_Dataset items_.
(* Let $k,n$ be positive integers and let $$C_{k,n,1}=\inf_{v}\ \sup_{0\neq f\in\ell^2(\mathbb{Z})}\frac{\|\nabla^{k}(v\ast f)\|_{\ell^2(\mathbb{Z})}}{\|f\|_{\ell^2(\mathbb{Z})}},$$ where the infimum is over all $v:\{-n,\dots,n\}\to\mathbb{R}$ with $v(j)=v(-j)$ for all $j$ and $\sum_{j=-n}^{n}v(j)=1$. Then for every $u:\{-n,\dots,n\}\to\mathbb{C}$ with $\sum_{j=-n}^{n}u(j)=1$, $$\sup_{0\neq f\in\ell^2(\mathbb{Z})}\frac{\|\nabla^{k}(u\ast f)\|_{\ell^2(\mathbb{Z})}}{\|f\|_{\ell^2(\mathbb{Z})}}\ \ge\ C_{k,n,1}.$$
   Context: Functions on $\{-n,\dots,n\}$ are regarded as functions on $\mathbb{Z}$ vanishing outside it; $\nabla g(k)=g(k+1)-g(k)$, $\nabla^{k}=\nabla(\nabla^{k-1})$; $(u\ast f)(m)=\sum_ju(j)f(m-j)$. Suprema are over nonzero complex-valued $f\in\ell^2(\mathbb{Z})$. *)

theory Defs
  imports "HOL-Analysis.Analysis"
begin

definition is_l2 :: "(int \<Rightarrow> complex) \<Rightarrow> bool" where
  "is_l2 f \<longleftrightarrow> (\<lambda>j. (norm (f j))^2) summable_on UNIV"

definition l2norm :: "(int \<Rightarrow> complex) \<Rightarrow> real" where
  "l2norm f = sqrt (\<Sum>\<^sub>\<infinity>j\<in>UNIV. (norm (f j))^2)"

definition fdiff :: "(int \<Rightarrow> complex) \<Rightarrow> int \<Rightarrow> complex" where
  "fdiff g = (\<lambda>m. g (m + 1) - g m)"

definition conv :: "(int \<Rightarrow> complex) \<Rightarrow> (int \<Rightarrow> complex) \<Rightarrow> int \<Rightarrow> complex" where
  "conv u f = (\<lambda>m. \<Sum>\<^sub>\<infinity>j\<in>UNIV. u j * f (m - j))"

definition opnorm :: "nat \<Rightarrow> (int \<Rightarrow> complex) \<Rightarrow> real" where
  "opnorm k u = Sup {l2norm ((fdiff ^^ k) (conv u f)) / l2norm f | f. is_l2 f \<and> f \<noteq> (\<lambda>_. 0)}"

definition Cconst :: "nat \<Rightarrow> nat \<Rightarrow> real" where
  "Cconst k n = Inf {opnorm k (\<lambda>j. complex_of_real (v j)) | v :: int \<Rightarrow> real.
      (\<forall>j. j \<notin> {- int n..int n} \<longrightarrow> v j = 0) \<and> (\<forall>j. v j = v (- j)) \<and>
      (\<Sum>j = - int n..int n. v j) = 1}"

end

theory Submission
  imports Defs
begin

text \<open>
  For a finitely supported kernel w, the operator f \<mapsto> \<nabla>^k (w * f) is bounded on l2(\<int>), and its norm
  is subadditive and homogeneous in w. Conjugating the kernel (conjugate f as well) and
  reflecting it (reflect f as well; \<nabla>^k then picks up a sign and a shift) do not increase the
  norm. The symmetric real kernel v(j) = Re (u(j) + u(-j)) / 2 is the average of u, its
  conjugate, its reflection and its conjugated reflection, so its operator norm is at most that
  of u; since v has sum 1, it is admissible in the infimum defining C.
\<close>

lemma l2norm_nonneg: "0 \<le> l2norm f"
  unfolding l2norm_def by (simp add: infsum_nonneg)

lemma l2norm_power2: "(l2norm f)\<^sup>2 = (\<Sum>\<^sub>\<infinity>j. (norm (f j))\<^sup>2)"
  unfolding l2norm_def by (simp add: infsum_nonneg)

lemma L2_set_le_l2norm:
  assumes "is_l2 f" "finite F"
  shows "L2_set (\<lambda>j. norm (f j)) F \<le> l2norm f"
proof -
  have "(\<Sum>j\<in>F. (norm (f j))\<^sup>2) \<le> (l2norm f)\<^sup>2"
    unfolding l2norm_power2 using assms unfolding is_l2_def
    by (intro finite_sum_le_infsum) auto
  then show ?thesis
    unfolding L2_set_def using l2norm_nonneg by (simp add: real_le_lsqrt sum_nonneg)
qed

lemma l2norm_pos:
  assumes "is_l2 f" "f \<noteq> (\<lambda>_. 0)"
  shows "0 < l2norm f"
proof -
  obtain j where "f j \<noteq> 0" using assms(2) by auto
  then have "0 < L2_set (\<lambda>j. norm (f j)) {j}" by simp
  also have "\<dots> \<le> l2norm f" using L2_set_le_l2norm[OF assms(1), of "{j}"] by simp
  finally show ?thesis .
qed

lemma is_l2_zero: "is_l2 (\<lambda>_. 0)"
  unfolding is_l2_def by simp

lemma l2norm_zero [simp]: "l2norm (\<lambda>_. 0) = 0"
  unfolding l2norm_def by simp

lemma is_l2_add:
  assumes "is_l2 f" "is_l2 g"
  shows "is_l2 (\<lambda>m. f m + g m)"
proof -
  have "(\<lambda>j. 2 * (norm (f j))\<^sup>2 + 2 * (norm (g j))\<^sup>2) summable_on UNIV"
    using assms unfolding is_l2_def
    by (intro summable_on_add summable_on_cmult_right) auto
  moreover have "(norm (f j + g j))\<^sup>2 \<le> 2 * (norm (f j))\<^sup>2 + 2 * (norm (g j))\<^sup>2" for j
    by (smt (verit) norm_triangle_ineq power_mono sum_squares_bound norm_ge_zero power2_sum)
  ultimately show ?thesis
    unfolding is_l2_def by (rule summable_on_comparison_test) auto
qed

lemma l2norm_add_le:
  assumes "is_l2 f" "is_l2 g"
  shows "l2norm (\<lambda>m. f m + g m) \<le> l2norm f + l2norm g"
proof -
  have "(l2norm (\<lambda>m. f m + g m))\<^sup>2 \<le> (l2norm f + l2norm g)\<^sup>2"
    unfolding l2norm_power2
  proof (rule infsum_le_finite_sums)
    show "(\<lambda>j. (norm (f j + g j))\<^sup>2) summable_on UNIV"
      using is_l2_add[OF assms] unfolding is_l2_def .
  next
    fix F :: "int set" assume "finite F"
    have "L2_set (\<lambda>j. norm (f j + g j)) F \<le> L2_set (\<lambda>j. norm (f j) + norm (g j)) F"
      by (rule L2_set_mono) (auto intro: norm_triangle_ineq)
    also have "\<dots> \<le> L2_set (\<lambda>j. norm (f j)) F + L2_set (\<lambda>j. norm (g j)) F"
      by (rule L2_set_triangle_ineq)
    also have "\<dots> \<le> l2norm f + l2norm g"
      using L2_set_le_l2norm[OF assms(1) \<open>finite F\<close>] L2_set_le_l2norm[OF assms(2) \<open>finite F\<close>]
      by simp
    finally show "(\<Sum>j\<in>F. (norm (f j + g j))\<^sup>2) \<le> (l2norm f + l2norm g)\<^sup>2"
      unfolding L2_set_def by (rule sqrt_le_D)
  qed
  then show ?thesis
    using l2norm_nonneg[of f] l2norm_nonneg[of g] by (meson power2_le_imp_le add_nonneg_nonneg)
qed

lemma is_l2_scale: "is_l2 f \<Longrightarrow> is_l2 (\<lambda>m. c * f m)"
  unfolding is_l2_def by (simp add: norm_mult power_mult_distrib summable_on_cmult_right)

lemma l2norm_scale: "l2norm (\<lambda>m. c * f m) = norm c * l2norm f"
  unfolding l2norm_def
  by (simp add: norm_mult power_mult_distrib infsum_cmult_right' real_sqrt_mult)

lemma is_l2_reindex: "bij h \<Longrightarrow> is_l2 (\<lambda>m. f (h m)) \<longleftrightarrow> is_l2 f"
  unfolding is_l2_def using summable_on_reindex_bij_betw[of h UNIV UNIV "\<lambda>j. (norm (f j))\<^sup>2"] by simp

lemma l2norm_reindex: "bij h \<Longrightarrow> l2norm (\<lambda>m. f (h m)) = l2norm f"
  unfolding l2norm_def using infsum_reindex_bij_betw[of h UNIV UNIV "\<lambda>j. (norm (f j))\<^sup>2"] by simp

lemma is_l2_cnj [simp]: "is_l2 (\<lambda>m. cnj (f m)) \<longleftrightarrow> is_l2 f"
  unfolding is_l2_def by simp

lemma l2norm_cnj [simp]: "l2norm (\<lambda>m. cnj (f m)) = l2norm f"
  unfolding l2norm_def by simp

lemma is_l2_sum: "(\<And>i. i \<in> A \<Longrightarrow> is_l2 (g i)) \<Longrightarrow> is_l2 (\<lambda>m. \<Sum>i\<in>A. g i m)"
  by (induction A rule: infinite_finite_induct) (auto intro: is_l2_zero is_l2_add)

lemma l2norm_sum_le:
  "(\<And>i. i \<in> A \<Longrightarrow> is_l2 (g i)) \<Longrightarrow> l2norm (\<lambda>m. \<Sum>i\<in>A. g i m) \<le> (\<Sum>i\<in>A. l2norm (g i))"
proof (induction A rule: infinite_finite_induct)
  case (insert a A)
  then have "l2norm (\<lambda>m. g a m + (\<Sum>i\<in>A. g i m)) \<le> l2norm (g a) + l2norm (\<lambda>m. \<Sum>i\<in>A. g i m)"
    by (intro l2norm_add_le is_l2_sum) auto
  with insert show ?case by simp
qed simp_all

lemma is_l2_shift: "is_l2 (\<lambda>m. f (m - j)) \<longleftrightarrow> is_l2 f"
  using is_l2_reindex[OF bij_plus_right[of "- j"]] by simp

lemma l2norm_shift: "l2norm (\<lambda>m. f (m - j)) = l2norm f"
  using l2norm_reindex[OF bij_plus_right[of "- j"]] by simp

lemma conv_eq_sum:
  assumes "finite I" "{j. w j \<noteq> 0} \<subseteq> I"
  shows "conv w f m = (\<Sum>j\<in>I. w j * f (m - j))"
proof -
  have "conv w f m = (\<Sum>\<^sub>\<infinity>j\<in>I. w j * f (m - j))"
    unfolding conv_def using assms(2) by (intro infsum_cong_neutral) auto
  then show ?thesis using assms(1) by simp
qed

lemma conv_add:
  assumes "finite {j. w j \<noteq> 0}" "finite {j. v j \<noteq> 0}"
  shows "conv (\<lambda>j. w j + v j) f = (\<lambda>m. conv w f m + conv v f m)"
proof
  fix m
  let ?I = "{j. w j \<noteq> 0} \<union> {j. v j \<noteq> 0}"
  have "finite ?I" using assms by simp
  then show "conv (\<lambda>j. w j + v j) f m = conv w f m + conv v f m"
    by (subst (1 2 3) conv_eq_sum[of ?I]) (auto simp: distrib_right sum.distrib)
qed

lemma conv_scale: "conv (\<lambda>j. c * w j) f = (\<lambda>m. c * conv w f m)"
  unfolding conv_def by (simp add: mult.assoc infsum_cmult_right')

lemma conv_cnj: "conv (\<lambda>j. cnj (w j)) f = (\<lambda>m. cnj (conv w (\<lambda>m. cnj (f m)) m))"
  unfolding conv_def infsum_cnj[symmetric] by simp

lemma conv_reflect: "conv (\<lambda>j. w (- j)) f = (\<lambda>m. conv w (\<lambda>m. f (- m)) (- m))"
proof
  fix m
  show "conv (\<lambda>j. w (- j)) f m = conv w (\<lambda>m. f (- m)) (- m)"
    unfolding conv_def using infsum_reindex_bij_betw[OF bij_uminus, of "\<lambda>j. w j * f (m + j)"]
    by (simp add: algebra_simps)
qed

lemma conv_eq_sum_support:
  "finite {j. w j \<noteq> 0} \<Longrightarrow> conv w f = (\<lambda>m. \<Sum>j | w j \<noteq> 0. w j * f (m - j))"
  using conv_eq_sum[of "{j. w j \<noteq> 0}"] by auto

lemma is_l2_conv:
  assumes "finite {j. w j \<noteq> 0}" "is_l2 f"
  shows "is_l2 (conv w f)"
  unfolding conv_eq_sum_support[OF assms(1)] using assms(2)
  by (intro is_l2_sum is_l2_scale) (simp add: is_l2_shift)

lemma l2norm_conv_le:
  assumes "finite {j. w j \<noteq> 0}" "is_l2 f"
  shows "l2norm (conv w f) \<le> (\<Sum>j | w j \<noteq> 0. norm (w j)) * l2norm f"
proof -
  have "l2norm (conv w f) \<le> (\<Sum>j | w j \<noteq> 0. l2norm (\<lambda>m. w j * f (m - j)))"
    unfolding conv_eq_sum_support[OF assms(1)] using assms(2)
    by (intro l2norm_sum_le is_l2_scale) (simp add: is_l2_shift)
  then show ?thesis by (simp add: l2norm_scale l2norm_shift sum_distrib_right)
qed

lemma fdiff_apply: "fdiff g m = g (m + 1) - g m"
  unfolding fdiff_def ..

lemma fdiff_eq_add_scale: "fdiff g = (\<lambda>m. g (m + 1) + (- 1) * g m)"
  unfolding fdiff_def by simp

lemma is_l2_fdiff: "is_l2 g \<Longrightarrow> is_l2 (fdiff g)"
  unfolding fdiff_eq_add_scale using is_l2_shift[of g "- 1"] by (intro is_l2_add is_l2_scale) auto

_Prompt_. Search the entries above for the word "UNIV", and copy every line where it occurs.

_Solution to the exercise_.
  "is_l2 f \<longleftrightarrow> (\<lambda>j. (norm (f j))^2) summable_on UNIV"
  "l2norm f = sqrt (\<Sum>\<^sub>\<infinity>j\<in>UNIV. (norm (f j))^2)"
  "conv u f = (\<lambda>m. \<Sum>\<^sub>\<infinity>j\<in>UNIV. u j * f (m - j))"
  have "(\<lambda>j. 2 * (norm (f j))\<^sup>2 + 2 * (norm (g j))\<^sup>2) summable_on UNIV"
    show "(\<lambda>j. (norm (f j + g j))\<^sup>2) summable_on UNIV"
  unfolding is_l2_def using summable_on_reindex_bij_betw[of h UNIV UNIV "\<lambda>j. (norm (f j))\<^sup>2"] by simp
  unfolding l2norm_def using infsum_reindex_bij_betw[of h UNIV UNIV "\<lambda>j. (norm (f j))\<^sup>2"] by simp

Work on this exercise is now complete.